|Frequently Asked Questions (FAQ)|
1. Do I have to register to use this site?
No. Registration is not required to take advantage of the resources provided through this program.
2. Why am I not able to see some of the forms I want to print?
Some printable forms prepared for this site are in the PDF format. In order to view and print these forms, you’ll need to have Adobe Reader installed on your computer. You can download this free program here: http://www.adobe.com/products/acrobat/readstep2.html
3. What if I don’t have the information for my emergency contacts/meeting places?
You can always save the details you do know and come back later to update the missing information once you have it.
4. My family lives in a remote area. We don’t live in a neighborhood and can’t easily reach a meeting place like a store or a restaurant. Where should we go?
A meeting place can be any place that your family is familiar with and has easy access to. It could be a large tree, a local playground, even a roadway intersection. When choosing your meeting place, make a decision that best meets the location and needs of your family.
5. I don’t have children, but my plan will include the children of relatives.
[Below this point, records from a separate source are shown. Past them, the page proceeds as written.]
lemma witness_in_Lset:
  assumes "4 * u + 1 = 105 ^ j"
  shows "witness_x1 j u \<in> Lset (24 * 151 ^ j * phi ^ u)" "witness_x2 j u \<in> Lset (24 * 151 ^ j * phi ^ u)"
proof -
  define B where "B = 151 ^ j * phi ^ u"
  have "0 \<le> phi ^ u" "(75::real) ^ j \<le> 151 ^ j"
    using phi_bounds by (simp_all add: power_mono)
  then have B: "0 \<le> B" "6 * 75 ^ j * phi ^ u \<le> 6 * B"
    unfolding B_def by (simp_all add: mult_right_mono)
  have "cmod (witness_x1 j u) \<le> B" "cmod (sigmaE (witness_x1 j u)) \<le> B"
    using norm_witness_x1_le[OF assms] unfolding B_def .
  moreover have "cmod (witness_x2 j u) \<le> 6 * B" "cmod (sigmaE (witness_x2 j u)) \<le> 6 * B"
    using norm_witness_x2_le[OF assms] B(2) by linarith+
  ultimately have "2 * (cmod (witness_x1 j u) + cmod (sigmaE (witness_x1 j u))) \<le> 24 * B"
    "2 * (cmod (witness_x2 j u) + cmod (sigmaE (witness_x2 j u))) \<le> 24 * B"
    using B(1) unfolding distrib_left by linarith+
  then show "witness_x1 j u \<in> Lset (24 * 151 ^ j * phi ^ u)" "witness_x2 j u \<in> Lset (24 * 151 ^ j * phi ^ u)"
    unfolding B_def mult.assoc using sigmaE_witness by (simp_all add: Zi_tau_in_Lset)
qed

lemma Limsup_compose_filterlim_le:
  assumes "filterlim g G F"
  shows "Limsup F (\<lambda>x. f (g x)) \<le> Limsup G f"
proof -
  have "Limsup F (\<lambda>x. f (g x)) \<le> Limsup (filtermap g F) f"
    by (rule Limsup_filtermap_ge)
  also have "\<dots> \<le> Limsup G f"
    using assms unfolding filterlim_def Limsup_def le_filter_def
    by (intro INF_superset_mono) auto
  finally show ?thesis .
qed

lemma log_ratio_Dmin_witness_ge:
  assumes "4 * u + 1 = 105 ^ j"
  defines "N \<equiv> 24 * 151 ^ j * phi ^ u"
  shows "(2 * real u * ln phi - ln 4) / (ln 24 + real j * ln 151 + real u * ln phi) \<le> - ln (Dmin N) / ln N"
proof -
  have "1 \<le> phi ^ u" "(1::real) \<le> 151 ^ j"
    using phi_bounds by simp_all
  then have N: "1 \<le> N"
    unfolding N_def by (smt (verit) mult_le_cancel_left1)
  have lnN: "ln N = ln 24 + real j * ln 151 + real u * ln phi"
    unfolding N_def using phi_bounds by (simp add: ln_mult ln_realpow)
  have "0 \<le> real u * ln phi"
    using phi_bounds by simp
  then have lnN_pos: "0 < ln N"
    unfolding lnN by (smt (verit) ln_ge_zero ln_gt_zero of_nat_0_le_iff mult_nonneg_nonneg)
  have "Dmin N \<le> 4 / phi ^ (2 * u)"
    using Dmin_le[of "witness_x1 j u" N "witness_x2 j u"] witness_in_Lset[OF assms(1)] witness_nonzero
      norm_detX_witness_le[OF assms(1)] unfolding N_def by fastforce
  then have "ln (Dmin N) \<le> ln (4 / phi ^ (2 * u))"
    using Dmin_pos[OF N] phi_bounds by (subst ln_le_cancel_iff) auto
  also have "\<dots> = ln 4 - 2 * real u * ln phi"
    using phi_bounds by (simp add: ln_div ln_realpow)
  finally have "ln (Dmin N) \<le> ln 4 - 2 * real u * ln phi" .
  then show ?thesis
    unfolding lnN[symmetric] using lnN_pos by (intro divide_right_mono) auto
qed

lemma Limsup_log_ratio_Dmin_ge: "2 \<le> Limsup at_top (\<lambda>N. ereal (- ln (Dmin N) / ln N))"
proof -
  define u :: "nat \<Rightarrow> nat" where "u j = 26 * (\<Sum>i<j. 105 ^ i)" for j
  have u: "4 * u j + 1 = 105 ^ j" for j
    using geometric_sum_105[of j] unfolding u_def by linarith
  have real_u: "real (u j) = (105 ^ j - 1) / 4" for j
    using arg_cong[OF u[of j], of real] by simp
  define N where "N j = 24 * 151 ^ j * phi ^ u j" for j
  define g where "g j = (2 * real (u j) * ln phi - ln 4) / (ln 24 + real j * ln 151 + real (u j) * ln phi)" for j
  have "filterlim (\<lambda>j. 24 * 151 ^ j :: real) at_top sequentially"
    by real_asymp
  moreover have "\<forall>j. 24 * 151 ^ j \<le> N j"
    unfolding N_def using phi_bounds by (simp add: mult_le_cancel_left1)
  ultimately have N_lim: "filterlim N at_top sequentially"
    by (blast intro: filterlim_at_top_mono always_eventually)
  have "\<And>L :: real. 0 < L \<Longrightarrow>
    ((\<lambda>j. (2 * ((105 ^ j - 1) / 4) * L - ln 4) / (ln 24 + real j * ln 151 + (105 ^ j - 1) / 4 * L))
      \<longlongrightarrow> 2) sequentially"
    by real_asymp
  then have "(g \<longlongrightarrow> 2) sequentially"
    unfolding g_def real_u using phi_bounds by simp
  then have "2 = Limsup sequentially (\<lambda>j. ereal (g j))"
    by (intro lim_imp_Limsup[symmetric]) (simp_all add: tendsto_ereal)
  also have "\<dots> \<le> Limsup sequentially (\<lambda>j. ereal (- ln (Dmin (N j)) / ln (N j)))"
    unfolding g_def N_def using log_ratio_Dmin_witness_ge[OF u] by (intro Limsup_mono always_eventually) simp
  also have "\<dots> \<le> Limsup at_top (\<lambda>N. ereal (- ln (Dmin N) / ln N))"
    using N_lim by (rule Limsup_compose_filterlim_le)
  finally show ?thesis .
qed

theorem corollary3p3:
  shows "Limsup at_top (\<lambda>N::real. ereal (- ln (Dmin N) / ln N)) = 2"
  using Limsup_log_ratio_Dmin_le Limsup_log_ratio_Dmin_ge by (rule antisym)

end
Should I plan for them as well?
Yes. Always consider the needs of everyone who will be covered by your plan. If you’ll be responsible for young children or infants, make certain you include the Baby Care items from the Essentials section.
6. The list of items in Pet Needs appears to focus on dogs and cats. What should I do if I have another kind of animal?
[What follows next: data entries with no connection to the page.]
text \<open>In the variable \<open>s = log r\<close>, with \<open>y = r v'/v + 2/(1 - m)\<close>, the radial equation becomes the
  autonomous system \<open>w' = (1 - m) w y\<close>, \<open>y' = - y (\<gamma> w + m y + c) + C\<^sub>0\<close> with \<open>\<gamma> = \<beta>/(n - 1)\<close>.
  The hypothesis on \<open>h\<^sub>1\<close> says \<open>w = A s - c\<^sub>1 log s + K + o(1)\<close>, so \<open>\<gamma> w \<rightarrow> \<infinity>\<close> acts as a damping:
  a function satisfying \<open>f' = - \<gamma> w f + g\<close> with \<open>g = o(\<gamma> w)\<close> tends to \<open>0\<close>, as \<open>f\<^sup>2\<close> is a Lyapunov
  function. Applied successively, this gives \<open>y \<rightarrow> 0\<close>, \<open>w' \<rightarrow> A\<close>, \<open>s (w' - A) \<rightarrow> - c\<^sub>1\<close> and finally
  the limit of \<open>s\<^sup>2 (w' - A) + c\<^sub>1 s + (c\<^sub>1\<^sup>2/A) log s\<close>, which is \<open>s\<^sup>2 h\<^sub>2'(s)\<close>.\<close>

lemma stays_below_if_decreasing_above:
  fixes F F' :: "real \<Rightarrow> real"
  assumes F_deriv: "\<And>s. s \<ge> t \<Longrightarrow> (F has_real_derivative F' s) (at s)"
    and decreasing: "\<And>s. s \<ge> t \<Longrightarrow> F s > th \<Longrightarrow> F' s < 0"
    and "F t \<le> th" and "t \<le> s"
  shows "F s \<le> th"
proof (rule ccontr)
  assume "\<not> F s \<le> th"
  define T where "T = {t..s} \<inter> F -` {..th}"
  have "continuous_on {t..s} F"
    by (meson F_deriv DERIV_continuous atLeastAtMost_iff continuous_at_imp_continuous_on)
  then have "closed T"
    unfolding T_def by (intro continuous_closed_preimage) auto
  moreover have "t \<in> T" "bdd_above T"
    using assms(3,4) by (auto simp: T_def)
  ultimately have "Sup T \<in> T"
    using closed_contains_Sup by blast
  with \<open>\<not> F s \<le> th\<close> have a: "t \<le> Sup T" "Sup T < s" "F (Sup T) \<le> th"
    by (auto simp: T_def order.order_iff_strict)
  then obtain z where z: "Sup T < z" "z < s" "F s - F (Sup T) = (s - Sup T) * F' z"
    using MVT2[of "Sup T" s F F'] F_deriv by (metis order_trans)
  have "z \<notin> T"
    using z cSup_upper[OF _ \<open>bdd_above T\<close>] by force
  then have "F' z < 0"
    using decreasing z a by (auto simp: T_def)
  then show False
    using z a \<open>\<not> F s \<le> th\<close> by (smt (verit) mult_pos_neg)
qed

lemma eventually_below_if_decreasing_above:
  fixes F F' :: "real \<Rightarrow> real"
  assumes F_deriv: "\<And>s. s \<ge> s0 \<Longrightarrow> (F has_real_derivative F' s) (at s)"
    and nonneg: "\<And>s. s \<ge> s0 \<Longrightarrow> F s \<ge> 0"
    and decreasing: "\<And>s. s \<ge> s0 \<Longrightarrow> F s > th \<Longrightarrow> F' s \<le> - k" and "k > 0"
  shows "\<exists>t. \<forall>s\<ge>t. F s \<le> th"
proof -
  have "\<exists>t\<ge>s0. F t \<le> th"
  proof (rule ccontr)
    assume "\<not> (\<exists>t\<ge>s0. F t \<le> th)"
    define b where "b = s0 + F s0 / k + 1"
    have "s0 < b"
      using nonneg[of s0] \<open>k > 0\<close> by (simp add: b_def add_nonneg_pos)
    then obtain z where z: "s0 < z" "z < b" "F b - F s0 = (b - s0) * F' z"
      using MVT2[of s0 b F F'] F_deriv by auto
    have "F' z \<le> - k"
      using decreasing[of z] z(1) \<open>\<not> (\<exists>t\<ge>s0. F t \<le> th)\<close> by (meson less_imp_le not_le)
    then have "(b - s0) * F' z \<le> (b - s0) * (- k)"
      using \<open>s0 < b\<close> by (intro mult_left_mono) auto
    also have "\<dots> = - F s0 - k"
      using \<open>k > 0\<close> by (simp add: b_def field_simps)
    finally show False
      using z nonneg[of b] \<open>s0 < b\<close> \<open>k > 0\<close> by linarith
  qed
  then obtain t where "t \<ge> s0" "F t \<le> th" by blast
  then have "F s \<le> th" if "s \<ge> t" for s
    using stays_below_if_decreasing_above[of t F F' th s] F_deriv decreasing \<open>k > 0\<close> that
    by (smt (verit))
  then show ?thesis by blast
qed

text \<open>Once \<open>\<bar>g\<bar> \<le> \<mu> e/4\<close>, the Lyapunov function \<open>y\<^sup>2\<close> decreases at the uniform rate \<open>M (e/2)\<^sup>2\<close>
  as long as \<open>\<bar>y\<bar> > e/2\<close>.\<close>
lemma damped_linear_tendsto_zero:
  fixes y y' \<mu> g :: "real \<Rightarrow> real"
  assumes y_deriv: "eventually (\<lambda>s. (y has_real_derivative y' s) (at s)) at_top"
    and damped: "eventually (\<lambda>s. y' s = - \<mu> s * y s + g s) at_top"
    and \<mu>_ge: "eventually (\<lambda>s. \<mu> s \<ge> M) at_top" and "M > 0"
    and g_small: "((\<lambda>s. g s / \<mu> s) \<longlongrightarrow> 0) at_top"
  shows "(y \<longlongrightarrow> 0) at_top"
proof (rule tendstoI)
  fix e :: real assume "e > 0"
  have "eventually (\<lambda>s. \<bar>g s / \<mu> s\<bar> < e / 4) at_top"
    using tendstoD[OF g_small, of "e / 4"] \<open>e > 0\<close> by simp
  with y_deriv damped \<mu>_ge have "eventually (\<lambda>s. (y has_real_derivative y' s) (at s) \<and>
      y' s = - \<mu> s * y s + g s \<and> \<mu> s \<ge> M \<and> \<bar>g s / \<mu> s\<bar> < e / 4) at_top"
    by eventually_elim blast
  then obtain s0 where s0: "\<And>s. s \<ge> s0 \<Longrightarrow> (y has_real_derivative y' s) (at s) \<and>
      y' s = - \<mu> s * y s + g s \<and> \<mu> s \<ge> M \<and> \<bar>g s / \<mu> s\<bar> < e / 4"
    unfolding eventually_at_top_linorder by blast
  have decreasing: "2 * y s * y' s \<le> - (M * (e / 2)\<^sup>2)" if "s \<ge> s0" "(y s)\<^sup>2 > (e / 2)\<^sup>2" for s
  proof -
    from s0[OF that(1)] have y': "y' s = - \<mu> s * y s + g s" and "\<mu> s \<ge> M"
      and "\<bar>g s / \<mu> s\<bar> < e / 4" by auto
    then have "\<mu> s > 0" "\<bar>g s\<bar> \<le> e / 4 * \<mu> s"
      using \<open>M > 0\<close> by (auto simp: pos_divide_less_eq)
    have "\<bar>y s\<bar> > e / 2"
      using that(2) \<open>e > 0\<close> by (metis power2_abs power_less_imp_less_base abs_ge_zero)
    have "2 * y s * y' s = - 2 * \<mu> s * (y s)\<^sup>2 + 2 * (g s * y s)"
      unfolding y' by (simp add: power2_eq_square algebra_simps)
    also have "\<dots> \<le> - 2 * \<mu> s * (y s)\<^sup>2 + 2 * (e / 4 * \<mu> s * \<bar>y s\<bar>)"
      using mult_right_mono[OF \<open>\<bar>g s\<bar> \<le> e / 4 * \<mu> s\<close> abs_ge_zero[of "y s"]]
      by (simp add: abs_mult[symmetric])
    also have "\<dots> \<le> - \<mu> s * (y s)\<^sup>2"
    proof -
      have "e / 2 * \<bar>y s\<bar> \<le> \<bar>y s\<bar> * \<bar>y s\<bar>"
        using \<open>\<bar>y s\<bar> > e / 2\<close> by (intro mult_right_mono) auto
      then have "\<mu> s * (e / 2 * \<bar>y s\<bar>) \<le> \<mu> s * (y s)\<^sup>2"
        using \<open>\<mu> s > 0\<close> by (simp add: power2_eq_square)
      then show ?thesis by (simp add: algebra_simps)
    qed
    also have "\<dots> \<le> - (M * (e / 2)\<^sup>2)"
      using mult_mono[OF \<open>\<mu> s \<ge> M\<close> less_imp_le[OF that(2)]] \<open>M > 0\<close> \<open>\<mu> s > 0\<close> by simp
    finally show ?thesis .
  qed
  have "((\<lambda>s. (y s)\<^sup>2) has_real_derivative 2 * y s * y' s) (at s)" if "s \<ge> s0" for s
    using s0[OF that] by (auto intro!: derivative_eq_intros)
  from eventually_below_if_decreasing_above[where th = "(e / 2)\<^sup>2", OF this _ decreasing]
  obtain t where "\<forall>s\<ge>t. (y s)\<^sup>2 \<le> (e / 2)\<^sup>2"
    using \<open>M > 0\<close> \<open>e > 0\<close> by auto
  then have "\<forall>s\<ge>t. dist (y s) 0 < e"
    using \<open>e > 0\<close> by (simp add: abs_le_square_iff[symmetric]) (smt (verit))
  then show "eventually (\<lambda>s. dist (y s) 0 < e) at_top"
    unfolding eventually_at_top_linorder by blast
qed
If your family has pets that include reptiles, fish, birds, or other types of pets, you’ll need to make some small modifications to your plans. Use the list in our Essentials section as a starting point, and include items that are specific to your type of pet.
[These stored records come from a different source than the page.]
(* Let $N\ge 3$ and let $m:\mathbb R^{2N}\to\mathbb R$ be measurable and satisfy $$m(X-tV,V)=m(X,V)\quad\text{for all }X\in\mathcal Q^\circ,\ V\in F_X,\ t\in\mathbb R.$$ Then there is a measurable $m_0:\mathbb R\times\mathbb R^N\to\mathbb R$ such that $$m(X,V)=m_0\big(X\cdot(\mathsf E(V)\mathbf 1-\mathsf P(V)V),\,V\big)\quad\text{for all }X\in\mathcal Q^\circ,\ V\in F_X.$$
   Context: Fix an integer $N\ge 3$ and write $\mathbf 1=(1,\dots,1)\in\mathbb R^N$. Let $\mathcal Q^\circ=\{X=(x_1,\dots,x_N)\in\mathbb R^N: x_1<x_2<\dots<x_N\}$ and $\Delta=\{(u_1,u_2)\in\mathbb R^2:u_1=u_2\}$. For $X\in\mathcal Q^\circ$ and $U=(u_1,u_2)\in\mathbb R^2$ define $\psi(X,U)\in\mathbb R^N$ by $\psi_1=u_1$, $\psi_2=u_2$ and $\psi_i=\frac{(x_i-x_2)u_1-(x_i-x_1)u_2}{x_1-x_2}$ for $3\le i\le N$, and let $F_X=\{\psi(X,U):U\in\mathbb R^2\setminus\Delta\}$ (equivalently, the set of $V\in\mathbb R^N\setminus\mathbb R\mathbf 1$ such that $X+sV\in\mathbb R\mathbf 1$ for some $s\in\mathbb R$). Momentum and energy maps: $\mathsf P(V)=\sum_{i=1}^N v_i$, $\mathsf E(V)=|V|^2$. *)

theory Defs
  imports "HOL-Analysis.Analysis"
begin

text \<open>Coordinates of R^N are indexed by a finite, well-ordered type 'n with CARD('n) = N;
  the order on 'n plays the role of the order 1 < 2 < ... < N of indices.\<close>

definition idx1 :: "'n::{finite,wellorder}" where
  "idx1 = (LEAST i. True)"

definition idx2 :: "'n::{finite,wellorder}" where
  "idx2 = (LEAST i. i \<noteq> idx1)"

definition Qcirc :: "(real^'n::{finite,wellorder}) set" where
  "Qcirc = {X. \<forall>i j. i < j \<longrightarrow> X$i < X$j}"

definition psi :: "real^('n::{finite,wellorder}) \<Rightarrow> real \<times> real \<Rightarrow> real^('n::{finite,wellorder})" where
  "psi X U = (\<chi> i. if i = idx1 then fst U else if i = idx2 then snd U
     else ((X$i - X$idx2) * fst U - (X$i - X$idx1) * snd U) / (X$idx1 - X$idx2))"

definition FX :: "real^('n::{finite,wellorder}) \<Rightarrow> (real^('n::{finite,wellorder})) set" where
  "FX X = {psi X U | U. fst U \<noteq> snd U}"

definition momentum :: "real^'n::finite \<Rightarrow> real" where
  "momentum V = (\<Sum>i\<in>UNIV. V$i)"

definition energy :: "real^'n::finite \<Rightarrow> real" where
  "energy V = (norm V)^2"

definition one_vec :: "real^'n::finite" where
  "one_vec = (\<chi> i. 1)"

end

theory Submission imports Defs begin

text \<open>If \<open>V \<in> F_X\<close> then \<open>V = a X + b \<one>\<close> with \<open>a \<noteq> 0\<close>, so the line \<open>X + \<real> V\<close> lies in the plane
  spanned by \<open>V\<close> and \<open>\<one>\<close> and has the form \<open>{s V + \<beta> \<one>}\<close>. Along the line only \<open>\<beta>\<close> is
  invariant, and it is recovered from the pairing \<open>X \<bullet> (E(V) \<one> - P(V) V) = \<beta> (N E(V) - P(V)\<^sup>2)\<close>,
  whose factor is positive for non-constant \<open>V\<close> by Lagrange's identity. Hence \<open>m\<close> factors through
  that pairing: evaluate it at the point of the line whose \<open>V\<close>-coefficient is the (arbitrary but
  measurable) normalisation \<open>1 / (v\<^sub>2 - v\<^sub>1)\<close>.\<close>

definition dispersion :: "real^'n::finite \<Rightarrow> real" where
  "dispersion V = real CARD('n) * energy V - (momentum V)^2"

definition canonical_point :: "real \<times> (real^('n::{finite,wellorder})) \<Rightarrow> real^('n::{finite,wellorder})" where
  "canonical_point p = (1 / (snd p $ idx2 - snd p $ idx1)) *\<^sub>R snd p
     + (fst p / dispersion (snd p)) *\<^sub>R one_vec"

lemma idx1_less_idx2:
  assumes "CARD('n::{finite,wellorder}) \<ge> 2"
  shows "(idx1::'n) < idx2"
proof -
  have "\<exists>i::'n. i \<noteq> idx1"
  proof (rule ccontr)
    assume "\<not> ?thesis"
    then have "(UNIV::'n set) = {idx1}" by auto
    then have "CARD('n) = card {idx1::'n}" by (simp only:)
    with assms show False by simp
  qed
  then have "idx2 \<noteq> (idx1::'n)" unfolding idx2_def by (rule LeastI_ex)
  moreover have "(idx1::'n) \<le> idx2" unfolding idx1_def by (simp add: Least_le)
  ultimately show ?thesis by simp
qed

lemma psi_eq_affine:
  fixes X :: "real^('n::{finite,wellorder})"
  assumes "X $ idx1 \<noteq> X $ idx2"
  shows "psi X U = ((fst U - snd U) / (X$idx1 - X$idx2)) *\<^sub>R X
     + ((X$idx1 * snd U - X$idx2 * fst U) / (X$idx1 - X$idx2)) *\<^sub>R one_vec"
proof -
  have d: "X$idx1 - X$idx2 \<noteq> 0" using assms by simp
  show ?thesis
    unfolding vec_eq_iff
  proof
    fix i
    have "psi X U $ i = ((fst U - snd U) * X$i + (X$idx1 * snd U - X$idx2 * fst U)) / (X$idx1 - X$idx2)"
      using d by (auto simp: psi_def field_simps)
    then show "psi X U $ i = (((fst U - snd U) / (X$idx1 - X$idx2)) *\<^sub>R X
     + ((X$idx1 * snd U - X$idx2 * fst U) / (X$idx1 - X$idx2)) *\<^sub>R one_vec) $ i"
      by (simp add: one_vec_def add_divide_distrib)
  qed
qed

lemma lagrange_identity_dispersion:
  fixes V :: "real^'n::finite"
  shows "(\<Sum>k\<in>UNIV. \<Sum>l\<in>UNIV. (V$k - V$l)^2) = 2 * dispersion V"
proof -
  have E: "energy V = (\<Sum>k\<in>UNIV. (V$k)^2)"
    unfolding energy_def power2_norm_eq_inner inner_vec_def by (simp add: power2_eq_square)
  have "(\<Sum>k\<in>UNIV. \<Sum>l\<in>UNIV. (V$k - V$l)^2)
      = (\<Sum>k\<in>UNIV. \<Sum>l\<in>UNIV. (V$k)^2 + (V$l)^2 - 2 * V$k * V$l)"
    by (simp add: power2_diff algebra_simps)
  also have "\<dots> = 2 * (real CARD('n) * (\<Sum>k\<in>UNIV. (V$k)^2) - (\<Sum>k\<in>UNIV. V$k)^2)"
    by (simp add: sum.distrib sum_subtractf sum_distrib_left sum_distrib_right
        power2_eq_square algebra_simps)
  finally show ?thesis by (simp add: dispersion_def E momentum_def)
qed

lemma dispersion_pos:
  fixes V :: "real^'n::finite"
  assumes "V $ i \<noteq> V $ j"
  shows "dispersion V > 0"
proof -
  have "0 < (V$i - V$j)^2" using assms by simp
  also have "\<dots> \<le> (\<Sum>l\<in>UNIV. (V$i - V$l)^2)"
    by (rule member_le_sum) auto
  also have "\<dots> \<le> (\<Sum>k\<in>UNIV. \<Sum>l\<in>UNIV. (V$k - V$l)^2)"
    by (rule member_le_sum[where f="\<lambda>k. \<Sum>l\<in>UNIV. (V$k - V$l)^2"]) (auto intro: sum_nonneg)
  finally show ?thesis by (simp add: lagrange_identity_dispersion)
qed

lemma inner_energy_momentum_affine:
  fixes V :: "real^'n::finite"
  shows "(\<alpha> *\<^sub>R V + \<beta> *\<^sub>R one_vec) \<bullet> (energy V *\<^sub>R one_vec - momentum V *\<^sub>R V)
    = \<beta> * dispersion V"
proof -
  have vv: "V \<bullet> V = energy V" by (simp add: energy_def power2_norm_eq_inner)
  have v1: "V \<bullet> one_vec = momentum V" "one_vec \<bullet> V = momentum V"
    by (simp_all add: inner_vec_def one_vec_def momentum_def)
  have oo: "one_vec \<bullet> (one_vec::real^'n) = real CARD('n)" by (simp add: inner_vec_def one_vec_def)
  show ?thesis
    by (simp add: inner_add_left inner_diff_right vv v1 oo dispersion_def
        algebra_simps power2_eq_square)
qed

lemma canonical_point_on_line:
  fixes V :: "real^'n::{finite,wellorder}"
  assumes "V $ idx1 \<noteq> V $ idx2" and "X = \<alpha> *\<^sub>R V + \<beta> *\<^sub>R one_vec"
  shows "canonical_point (X \<bullet> (energy V *\<^sub>R one_vec - momentum V *\<^sub>R V), V)
           = X - (\<alpha> - 1 / (V $ idx2 - V $ idx1)) *\<^sub>R V"
proof -
  have "dispersion V \<noteq> 0" using dispersion_pos[OF assms(1)] by simp
  then have "X \<bullet> (energy V *\<^sub>R one_vec - momentum V *\<^sub>R V) / dispersion V = \<beta>"
    by (simp add: assms(2) inner_energy_momentum_affine)
  then show ?thesis
    by (simp add: canonical_point_def assms(2) algebra_simps)
qed

lemma FX_on_line:
  fixes X V :: "real^('n::{finite,wellorder})"
  assumes "CARD('n) \<ge> 2" and "X \<in> Qcirc" and "V \<in> FX X"
  shows "V $ idx1 \<noteq> V $ idx2 \<and> (\<exists>\<alpha> \<beta>. X = \<alpha> *\<^sub>R V + \<beta> *\<^sub>R one_vec)"
proof -
  obtain U where U: "fst U \<noteq> snd U" "V = psi X U" using assms(3) unfolding FX_def by blast
  have x12: "X$idx1 < X$idx2"
    using assms(2) idx1_less_idx2[OF assms(1)] unfolding Qcirc_def by simp
  define a where "a = (fst U - snd U) / (X$idx1 - X$idx2)"
  define b where "b = (X$idx1 * snd U - X$idx2 * fst U) / (X$idx1 - X$idx2)"
  have "a \<noteq> 0" using U(1) x12 by (simp add: a_def)
  have V: "V = a *\<^sub>R X + b *\<^sub>R one_vec"
    using U(2) psi_eq_affine[of X U] x12 by (simp add: a_def b_def)
  have "X = (1 / a) *\<^sub>R V + (- b / a) *\<^sub>R one_vec"
    using \<open>a \<noteq> 0\<close> by (simp add: V algebra_simps divide_inverse)
  moreover have "V$idx2 - V$idx1 = a * (X$idx2 - X$idx1)"
    using V by (simp add: one_vec_def algebra_simps)
  then have "V $ idx1 \<noteq> V $ idx2" using \<open>a \<noteq> 0\<close> x12 by auto
  ultimately show ?thesis by blast
qed

lemma energy_borel_measurable [measurable]:
  "energy \<in> borel_measurable (borel :: (real^'n::finite) measure)"
  unfolding energy_def[abs_def] by (intro borel_measurable_continuous_onI continuous_intros)

lemma momentum_borel_measurable [measurable]:
  "momentum \<in> borel_measurable (borel :: (real^'n::finite) measure)"
  unfolding momentum_def[abs_def] by (intro borel_measurable_continuous_onI continuous_intros)

lemma canonical_point_measurable:
  "(\<lambda>p::real \<times> (real^('n::{finite,wellorder})). (canonical_point p, snd p)) \<in> borel_measurable borel"
proof -
  have [measurable]: "\<And>i. (\<lambda>V::real^('n::{finite,wellorder}). V $ i) \<in> borel_measurable borel"
    by (intro borel_measurable_continuous_onI continuous_intros)
  have "(\<lambda>p::real \<times> (real^('n::{finite,wellorder})). (canonical_point p, snd p)) \<in> borel \<Otimes>\<^sub>M borel \<rightarrow>\<^sub>M borel \<Otimes>\<^sub>M borel"
    unfolding canonical_point_def dispersion_def by measurable
  then show ?thesis by (simp add: borel_prod)
qed

theorem proposition3p6:
  fixes m :: "(real^('n::{finite,wellorder})) \<times> (real^('n::{finite,wellorder})) \<Rightarrow> real"
  assumes "CARD('n) \<ge> 3"
    and "m \<in> borel_measurable borel"
    and "\<forall>X\<in>Qcirc. \<forall>V\<in>FX X. \<forall>t::real. m (X - t *\<^sub>R V, V) = m (X, V)"
  shows "\<exists>m0 :: real \<times> (real^('n::{finite,wellorder})) \<Rightarrow> real. m0 \<in> borel_measurable borel \<and>
           (\<forall>X\<in>Qcirc. \<forall>V\<in>FX X.
              m (X, V) = m0 (X \<bullet> (energy V *\<^sub>R one_vec - momentum V *\<^sub>R V), V))"
proof -
  let ?m0 = "\<lambda>p. m (canonical_point p, snd p)"
  have "?m0 \<in> borel_measurable borel"
    using measurable_compose[OF canonical_point_measurable assms(2)] by (simp add: o_def)
  moreover have "m (X, V) = ?m0 (X \<bullet> (energy V *\<^sub>R one_vec - momentum V *\<^sub>R V), V)"
    if X: "X \<in> Qcirc" and V: "V \<in> FX X" for X V :: "real^('n::{finite,wellorder})"
  proof -
    obtain \<alpha> \<beta> where "V $ idx1 \<noteq> V $ idx2" "X = \<alpha> *\<^sub>R V + \<beta> *\<^sub>R one_vec"
      using FX_on_line[OF _ X V] assms(1) by auto
    then show ?thesis using assms(3) X V by (simp add: canonical_point_on_line)
  qed
  ultimately show ?thesis by blast
qed

end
7. I live on a fixed income and don’t have a lot of extra money to spend on preparedness supplies. What should I do?
Preparing your family for a disaster situation doesn’t have to break your bank account. By making smart decisions about your purchases and creating a schedule of what items will be purchased when, you can fulfill your emergency supply needs. Remember, you don’t need high-priced, high-tech gadgets to prepare your family, when their lower-cost counterparts will do the same job. And you may already have some of the recommended supplies on hand.
8. My family doesn’t have a car. What should we do during an evacuation?
Whether for financial reasons or just because the need isn’t there, many families don’t own private transportation. When creating your disaster readiness plan, you need to consider other options for relocating to a safe place. First, if you are in an evacuation zone in Texas, call 2-1-1 to be listed for evacuation needs. Otherwise, do you have relatives who can pick you up? Do you have friends who can take you with them? Does your community have evacuation plans in place for those requiring transportation? Once you know what your options are, you can better prepare for the possibility of an evacuation.
9. There are a lot of items you suggest be included in my Grab-And-Go Kit. Do I really need all of that information?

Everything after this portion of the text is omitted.